[Stored data entries]
(* Let $\{S^n\}_{n\in\mathbb{N}}$ be an $\mathbb{R}^h$-valued process of integrable random variables that is strongly regular and strongly nearly additive, and suppose $\sup_{n\in\mathbb{N}}\|\mathbb{E}[S^n]\|/|\Lambda^n|<\infty$. Then the limit $\widehat S=\lim_{n\to\infty}\mathbb{E}[S^n]/|\Lambda^n|$ exists in $\mathbb{R}^h$ and $S^n/|\Lambda^n|\to\widehat S$ almost surely as $n\to\infty$.
   Context: Fix $d,h\in\mathbb{N}$, $|\Lambda^n|=(2n)^d$, $\|\cdot\|$ Euclidean norm. Strongly $r$-nearly additive (integer $r\ge0$): there exist $\mathbb{R}^h$-valued random variables $\{S^{n,z}\}_{n\in\mathbb{N},z\in\mathbb{Z}^d}$ with $\{S^{n,z}\}_{z\in\mathbb{Z}^d}$ independent copies of $S^n$ for each $n$, such that $\sup_{m\in\mathbb{N}}|\Lambda^{(2m+1)k}|^{-1}\|S^{(2m+1)k}-\sum_{z\in\mathbb{Z}^d\cap[-m,m]^d}S^{k-r,z}\|\to0$ almost surely as $k\to\infty$; strongly nearly additive = strongly $r$-nearly additive for some $r$. Strongly regular: for each fixed $k\in\mathbb{N}$, with $m_n$ the integer satisfying $(2m_n+1)k\le n<(2m_n+3)k$, $|\Lambda^n|^{-1}\|S^n-S^{(2m_n+1)k}\|\to0$ almost surely as $n\to\infty$. *)

theory Defs
  imports "HOL-Probability.Probability"
begin

text \<open>Lattice dimension d is CARD('d); sites of Z^d are vectors of type int^'d.
  Values lie in R^h = real^'h with the Euclidean norm.\<close>

definition lam_vol :: "'d::finite itself \<Rightarrow> nat \<Rightarrow> real" where
  "lam_vol _ n = (2 * real n) ^ CARD('d)"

**Try it:**
Each entry above must be retyped exactly.

**Expected answer:**
(* Let $\{S^n\}_{n\in\mathbb{N}}$ be an $\mathbb{R}^h$-valued process of integrable random variables that is strongly regular and strongly nearly additive, and suppose $\sup_{n\in\mathbb{N}}\|\mathbb{E}[S^n]\|/|\Lambda^n|<\infty$. Then the limit $\widehat S=\lim_{n\to\infty}\mathbb{E}[S^n]/|\Lambda^n|$ exists in $\mathbb{R}^h$ and $S^n/|\Lambda^n|\to\widehat S$ almost surely as $n\to\infty$.
   Context: Fix $d,h\in\mathbb{N}$, $|\Lambda^n|=(2n)^d$, $\|\cdot\|$ Euclidean norm. Strongly $r$-nearly additive (integer $r\ge0$): there exist $\mathbb{R}^h$-valued random variables $\{S^{n,z}\}_{n\in\mathbb{N},z\in\mathbb{Z}^d}$ with $\{S^{n,z}\}_{z\in\mathbb{Z}^d}$ independent copies of $S^n$ for each $n$, such that $\sup_{m\in\mathbb{N}}|\Lambda^{(2m+1)k}|^{-1}\|S^{(2m+1)k}-\sum_{z\in\mathbb{Z}^d\cap[-m,m]^d}S^{k-r,z}\|\to0$ almost surely as $k\to\infty$; strongly nearly additive = strongly $r$-nearly additive for some $r$. Strongly regular: for each fixed $k\in\mathbb{N}$, with $m_n$ the integer satisfying $(2m_n+1)k\le n<(2m_n+3)k$, $|\Lambda^n|^{-1}\|S^n-S^{(2m_n+1)k}\|\to0$ almost surely as $n\to\infty$. *)

theory Defs
  imports "HOL-Probability.Probability"
begin

text \<open>Lattice dimension d is CARD('d); sites of Z^d are vectors of type int^'d.
  Values lie in R^h = real^'h with the Euclidean norm.\<close>

definition lam_vol :: "'d::finite itself \<Rightarrow> nat \<Rightarrow> real" where
  "lam_vol _ n = (2 * real n) ^ CARD('d)"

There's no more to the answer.